"I love what I do, but I’ve never liked being recognised or being in the spotlight."
These are the words of Avicci, who passed away yesterday. I was genuinely saddened to hear of his loss and it spoke to me of the relentless harshness of life on the road. Whilst I (obviously!) never came close to acclaim on his scale, I have wrestled with my own demons over the years, attempting maintain a healthy work-life balance whilst putting my body through the mincer week-in week-out for a modest paycheck.
Over the past few years I've stepped back from my own personal brink only to find I'd spent years being held together by caffeine, alcohol, ibuprofen, vitamins & narcotics... all justified to myself on the basis that I needed them to cope with the weekend's rigours.

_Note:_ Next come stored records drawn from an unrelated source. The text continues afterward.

(* Let $n\ge3$ and $k>n$ be integers and let $X$ be the discrete-time Markov chain on $\mathbb{N}^{n-1}$ described in the context (which is then stable). If $\mathbf{Q}$ is a random vector distributed according to the stationary distribution of $X$, then $\mathbb{E}[|\mathbf{Q}|]<\infty$.
   Context: $\mathbb{N}=\{0,1,2,\dots\}$, $|\mathbf{x}|=x_1+\dots+x_{n-1}$. $\mathbf{0}$, $\mathbf{1}$ are the all-zero and all-one vectors of dimension $n-1$, $\mathbf{e}_l$ the $l$-th unit vector. For $j=0,\dots,n-1$, $R_j$ is the set of $\mathbf{x}\in\mathbb{N}^{n-1}$ with exactly $j$ zero entries. $X$ is the Markov chain on $\mathbb{N}^{n-1}$ with nonzero transition probabilities: from $\mathbf{x}\in R_0$, to $\mathbf{x}-\mathbf{1}$ w.p. $\frac{k-(n-1)}{k}$ and to $\mathbf{x}+\mathbf{e}_l$ w.p. $\frac1k$ ($l=1,\dots,n-1$); from $\mathbf{x}\in R_j$, $1\le j\le n-2$, to $\mathbf{x}+\mathbf{e}_l$ w.p. $\frac{k-(n-1-j)}{kj}$ if $x_l=0$ and w.p. $\frac1k$ if $x_l\ge1$; from $\mathbf{0}$ to $\mathbf{e}_l$ w.p. $\frac1{n-1}$. *)

theory Defs
  imports "HOL-Probability.Probability"
begin

text \<open>States of the chain: vectors in N^(n-1), encoded as functions nat => nat
  supported on the index set {0..<n-1} (coordinate l of the paper is index l-1 here).\<close>

definition states :: "nat \<Rightarrow> (nat \<Rightarrow> nat) set" where
  "states n = {x. \<forall>i\<ge>n - 1. x i = 0}"

definition norm1 :: "nat \<Rightarrow> (nat \<Rightarrow> nat) \<Rightarrow> nat" where
  "norm1 n x = (\<Sum>i<n - 1. x i)"

definition unitv :: "nat \<Rightarrow> nat \<Rightarrow> nat" where
  "unitv l = (\<lambda>i. if i = l then 1 else 0)"

definition incr :: "(nat \<Rightarrow> nat) \<Rightarrow> nat \<Rightarrow> nat \<Rightarrow> nat" where
  "incr x l = (\<lambda>i. if i = l then x i + 1 else x i)"

definition dec_all :: "nat \<Rightarrow> (nat \<Rightarrow> nat) \<Rightarrow> nat \<Rightarrow> nat" where
  "dec_all n x = (\<lambda>i. if i < n - 1 then x i - 1 else 0)"

definition nzeros :: "nat \<Rightarrow> (nat \<Rightarrow> nat) \<Rightarrow> nat" where
  "nzeros n x = card {i. i < n - 1 \<and> x i = 0}"

definition trans_prob :: "nat \<Rightarrow> nat \<Rightarrow> (nat \<Rightarrow> nat) \<Rightarrow> (nat \<Rightarrow> nat) \<Rightarrow> real" where
  "trans_prob n k x y =
    (let m = n - 1; j = nzeros n x in
     if j = 0 then
       (if y = dec_all n x then (real k - real m) / real k else 0)
       + (\<Sum>l<m. if y = incr x l then 1 / real k else 0)
     else if j < m then
       (\<Sum>l<m. if y = incr x l then
                  (if x l = 0 then (real k - (real m - real j)) / (real k * real j)
                   else 1 / real k)
                else 0)
     else
       (\<Sum>l<m. if y = unitv l then 1 / real m else 0))"

definition stationary :: "nat \<Rightarrow> nat \<Rightarrow> (nat \<Rightarrow> nat) pmf \<Rightarrow> bool" where
  "stationary n k p \<longleftrightarrow> set_pmf p \<subseteq> states n \<and>
     (\<forall>y\<in>states n. ((\<lambda>x. pmf p x * trans_prob n k x y) has_sum pmf p y) (states n))"

end

theory Submission
  imports Defs
begin

(* V(x) = n * \<Sum>i x_i^2 - (\<Sum>i x_i)^2 is a Lyapunov function for X: in each of the three regimes
   of the chain (no zero coordinate, some zero coordinates, x = 0) one step changes its expectation
   by exactly (n - 1) - 2(k - n)/k |x|. By the Foster-Lyapunov comparison argument a stationary
   distribution \<pi> then satisfies 2(k - n)/k E_\<pi>|Q| \<le> n - 1: stationarity gives E_\<pi>[Pg] = E_\<pi>[g]
   for the bounded truncations g = min V N, where it can be cancelled, and N is then let grow. *)

lemma has_sum_point_mass:
  fixes g :: "'a \<Rightarrow> real"
  assumes "a \<in> A"
  shows "((\<lambda>y. (if y = a then c else 0) * g y) has_sum (c * g a)) A"
proof -
  have "((\<lambda>y. (if y = a then c else 0) * g y) has_sum (c * g a)) {a}"
    by (rule has_sum_finiteI) auto
  then show ?thesis
    by (subst (asm) has_sum_cong_neutral[where T = A]) (use assms in auto)
qed

lemma has_sum_sum:
  fixes f :: "'i \<Rightarrow> 'a \<Rightarrow> 'b::topological_comm_monoid_add"
  assumes "finite I" "\<And>i. i \<in> I \<Longrightarrow> (f i has_sum s i) A"
  shows "((\<lambda>y. \<Sum>i\<in>I. f i y) has_sum (\<Sum>i\<in>I. s i)) A"
  using assms by (induction I rule: finite_induct) (auto intro: has_sum_add)

lemma has_sum_point_masses:
  fixes g :: "'a \<Rightarrow> real"
  assumes "finite I" "\<And>i. i \<in> I \<Longrightarrow> t i \<in> A"
  shows "((\<lambda>y. (\<Sum>i\<in>I. if y = t i then c i else 0) * g y) has_sum (\<Sum>i\<in>I. c i * g (t i))) A"
  unfolding sum_distrib_right by (intro has_sum_sum has_sum_point_mass assms)

lemma pmf_summable_on: "pmf p summable_on A"
  using pmf_abs_summable abs_summable_equivalent abs_summable_summable by blast

lemma pmf_times_bounded_summable_on:
  fixes h :: "'a \<Rightarrow> real"
  assumes "\<And>x. x \<in> A \<Longrightarrow> 0 \<le> h x \<and> h x \<le> B"
  shows "(\<lambda>x. pmf p x * h x) summable_on A"
proof (rule summable_on_comparison_test)
  show "(\<lambda>x. pmf p x * B) summable_on A"
    by (intro summable_on_cmult_left pmf_summable_on)
qed (use assms in \<open>auto intro: mult_left_mono\<close>)

lemma pmf_has_sum_1:
  assumes "set_pmf p \<subseteq> A"
  shows "(pmf p has_sum 1) A"
  using infsetsum_pmf_eq_1[OF assms] infsetsum_infsum[OF pmf_abs_summable]
  by (metis pmf_summable_on has_sum_infsum)

lemma integrable_measure_pmf_if_summable_on:
  fixes f :: "'a \<Rightarrow> real"
  assumes "(\<lambda>x. pmf p x * f x) summable_on A" "set_pmf p \<subseteq> A" "\<And>x. x \<in> A \<Longrightarrow> 0 \<le> f x"
  shows "integrable (measure_pmf p) f"
proof -
  have "(\<lambda>x. norm (pmf p x * f x)) summable_on A"
    using assms(1) by (rule summable_on_cong[THEN iffD1, rotated]) (use assms(3) in auto)
  then have "(\<lambda>x. norm (pmf p x * f x)) summable_on UNIV"
    by (rule summable_on_cong_neutral[THEN iffD1, rotated -1])
       (use assms(2) in \<open>auto simp: set_pmf_iff\<close>)
  then have "integrable (count_space UNIV) (\<lambda>x. pmf p x *\<^sub>R f x)"
    using abs_summable_equivalent[of "\<lambda>x. pmf p x * f x" UNIV]
    by (simp add: abs_summable_on_def)
  then show ?thesis
    by (subst measure_pmf_eq_density, subst integrable_density) auto
qed

locale stationary_kernel =
  fixes S :: "'a set" and P :: "'a \<Rightarrow> 'a \<Rightarrow> real" and p :: "'a pmf"
  assumes kernel_nonneg: "x \<in> S \<Longrightarrow> y \<in> S \<Longrightarrow> 0 \<le> P x y"
    and kernel_has_sum_1: "x \<in> S \<Longrightarrow> (P x has_sum 1) S"
    and support_subset: "set_pmf p \<subseteq> S"
    and stationary: "y \<in> S \<Longrightarrow> ((\<lambda>x. pmf p x * P x y) has_sum pmf p y) S"
begin

lemma kernel_step_bounds:
  assumes x: "x \<in> S" and g: "\<And>y. y \<in> S \<Longrightarrow> 0 \<le> g y \<and> g y \<le> B"
    and Pg: "((\<lambda>y. P x y * g y) has_sum G) S"
  shows "0 \<le> G" and "G \<le> B"
proof -
  show "0 \<le> G"
    by (rule has_sum_nonneg[OF Pg]) (use x g kernel_nonneg in auto)
  have "((\<lambda>y. P x y * B) has_sum B) S"
    using has_sum_cmult_left[OF kernel_has_sum_1[OF x], of B] by simp
  then show "G \<le> B"
    by (rule has_sum_mono[OF Pg]) (use x g kernel_nonneg in \<open>auto intro: mult_left_mono\<close>)
qed

lemma infsum_stationary_step:
  assumes g: "\<And>y. y \<in> S \<Longrightarrow> 0 \<le> g y \<and> g y \<le> B"
    and Pg: "\<And>x. x \<in> S \<Longrightarrow> ((\<lambda>y. P x y * g y) has_sum Pg x) S"
  shows "(\<Sum>\<^sub>\<infinity>x\<in>S. pmf p x * Pg x) = (\<Sum>\<^sub>\<infinity>y\<in>S. pmf p y * g y)"
proof -
  define F where "F x y = pmf p x * (P x y * g y)" for x y
  have rows: "(F x has_sum pmf p x * Pg x) S" if "x \<in> S" for x
    unfolding F_def by (rule has_sum_cmult_right[OF Pg[OF that]])
  have columns: "((\<lambda>x. F x y) has_sum pmf p y * g y) S" if "y \<in> S" for y
    unfolding F_def mult.assoc[symmetric] by (rule has_sum_cmult_left[OF stationary[OF that]])
  have "(\<lambda>x. pmf p x * Pg x) summable_on S"
    by (rule pmf_times_bounded_summable_on) (use kernel_step_bounds[OF _ g Pg] in blast)
  then have "(\<lambda>(x, y). F x y) summable_on S \<times> S"
    by (intro summable_on_SigmaI[where g = "\<lambda>x. pmf p x * Pg x"])
       (use rows g kernel_nonneg in \<open>auto simp: F_def[abs_def]\<close>)
  then have "(\<Sum>\<^sub>\<infinity>x\<in>S. \<Sum>\<^sub>\<infinity>y\<in>S. F x y) = (\<Sum>\<^sub>\<infinity>y\<in>S. \<Sum>\<^sub>\<infinity>x\<in>S. F x y)"
    by (rule infsum_swap_banach)
  then show ?thesis
    by (simp add: infsumI[OF rows] infsumI[OF columns] cong: infsum_cong)
qed

context
  fixes V f PV :: "'a \<Rightarrow> real" and b :: real
  assumes V_nonneg: "\<And>x. x \<in> S \<Longrightarrow> 0 \<le> V x"
    and f_nonneg: "\<And>x. x \<in> S \<Longrightarrow> 0 \<le> f x"
    and b_nonneg: "0 \<le> b"
    and PV: "\<And>x. x \<in> S \<Longrightarrow> ((\<lambda>y. P x y * V y) has_sum PV x) S"
    and drift: "\<And>x. x \<in> S \<Longrightarrow> PV x + f x \<le> V x + b"
begin

lemma truncated_drift_bound:
  assumes N: "0 \<le> N"
  obtains H where "((\<lambda>x. pmf p x * (if V x \<le> N then f x else 0)) has_sum H) S" and "H \<le> b"
proof -
  define g where "g y = min (V y) N" for y
  define h where "h x = (if V x \<le> N then f x else 0)" for x
  define Pg where "Pg x = (\<Sum>\<^sub>\<infinity>y\<in>S. P x y * g y)" for x
  have g: "0 \<le> g y \<and> g y \<le> N" if "y \<in> S" for y
    using V_nonneg[OF that] N by (simp add: g_def)
  have Pg: "((\<lambda>y. P x y * g y) has_sum Pg x) S" if x: "x \<in> S" for x
  proof -
    have "(\<lambda>y. P x y * N) summable_on S"
      using has_sum_cmult_left[OF kernel_has_sum_1[OF x]] by (auto simp: summable_on_def)
    then have "(\<lambda>y. P x y * g y) summable_on S"
      by (rule summable_on_comparison_test) (use x g kernel_nonneg in \<open>auto intro: mult_left_mono\<close>)
    then show ?thesis by (simp add: Pg_def has_sum_infsum)
  qed
  have step: "Pg x + h x \<le> g x + b" if x: "x \<in> S" for x
  proof (cases "V x \<le> N")
    case True
    have "Pg x \<le> PV x"
      by (rule has_sum_mono[OF Pg[OF x] PV[OF x]])
         (use x kernel_nonneg in \<open>auto simp: g_def intro: mult_left_mono\<close>)
    then show ?thesis using drift[OF x] True by (simp add: g_def h_def)
  next
    case False
    then show ?thesis using kernel_step_bounds(2)[OF x g Pg[OF x]] b_nonneg by (simp add: g_def h_def)
  qed
  have h: "0 \<le> h x \<and> h x \<le> N + b" if x: "x \<in> S" for x
    using step[OF x] kernel_step_bounds(1)[OF x g Pg[OF x]] g[OF x] f_nonneg[OF x] by (auto simp: h_def)
  define G where "G = (\<Sum>\<^sub>\<infinity>x\<in>S. pmf p x * g x)"
  define H where "H = (\<Sum>\<^sub>\<infinity>x\<in>S. pmf p x * h x)"
  have hs_h: "((\<lambda>x. pmf p x * h x) has_sum H) S"
    unfolding H_def by (intro has_sum_infsum pmf_times_bounded_summable_on) (use h in blast)
  have "((\<lambda>x. pmf p x * h x + pmf p x * Pg x) has_sum (H + G)) S"
  proof (intro has_sum_add hs_h)
    have "(\<lambda>x. pmf p x * Pg x) summable_on S"
      by (rule pmf_times_bounded_summable_on) (use kernel_step_bounds[OF _ g Pg] in blast)
    then show "((\<lambda>x. pmf p x * Pg x) has_sum G) S"
      using infsum_stationary_step[OF g Pg] by (metis G_def has_sum_infsum)
  qed
  moreover have "((\<lambda>x. pmf p x * g x + pmf p x * b) has_sum (G + b)) S"
  proof (intro has_sum_add)
    show "((\<lambda>x. pmf p x * g x) has_sum G) S"
      unfolding G_def by (intro has_sum_infsum pmf_times_bounded_summable_on) (use g in blast)
    show "((\<lambda>x. pmf p x * b) has_sum b) S"
      using has_sum_cmult_left[OF pmf_has_sum_1[OF support_subset], of b] by simp
  qed
  ultimately have "H + G \<le> G + b"
    by (rule has_sum_mono)
       (use step in \<open>auto simp flip: distrib_left simp: add.commute intro: mult_left_mono\<close>)
  then show ?thesis using that hs_h by (simp add: h_def)
qed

As an introvert (INFP-T), I also found myself often thrust into a deeply uncomfortable spotlight. I always found solace during my time behind the decks and I *loved* my time playing music to people. This was MY time. A time when I felt truly free and where my spirit soared. But as a counterpoint to that I often felt enslaved by the social pressures that came with the extravert party scene, not to mention the extreme harshness of my travel schedules. The minute I finished playing I always wished I could be transported to the sanctity of my hotel room, or better still back to the privacy of my room at home.
Avicci said this in a recent interview, and it sums up my own perspective perfectly.
"I had to stop touring, because I couldn’t read my emotions the right way. The whole thing was about success for the sake of success. I wasn’t getting any happiness anymore."
As the Guardian pointed out in their recent piece on his death, 'popularity can often feel like ritual sacrifice, as we build people up only to stand captivated as they descend – into addiction, into turmoil, into avīci.'
These are the demons many performers deal with, each and every time you see them play. Be compassionate with *your* demands on them.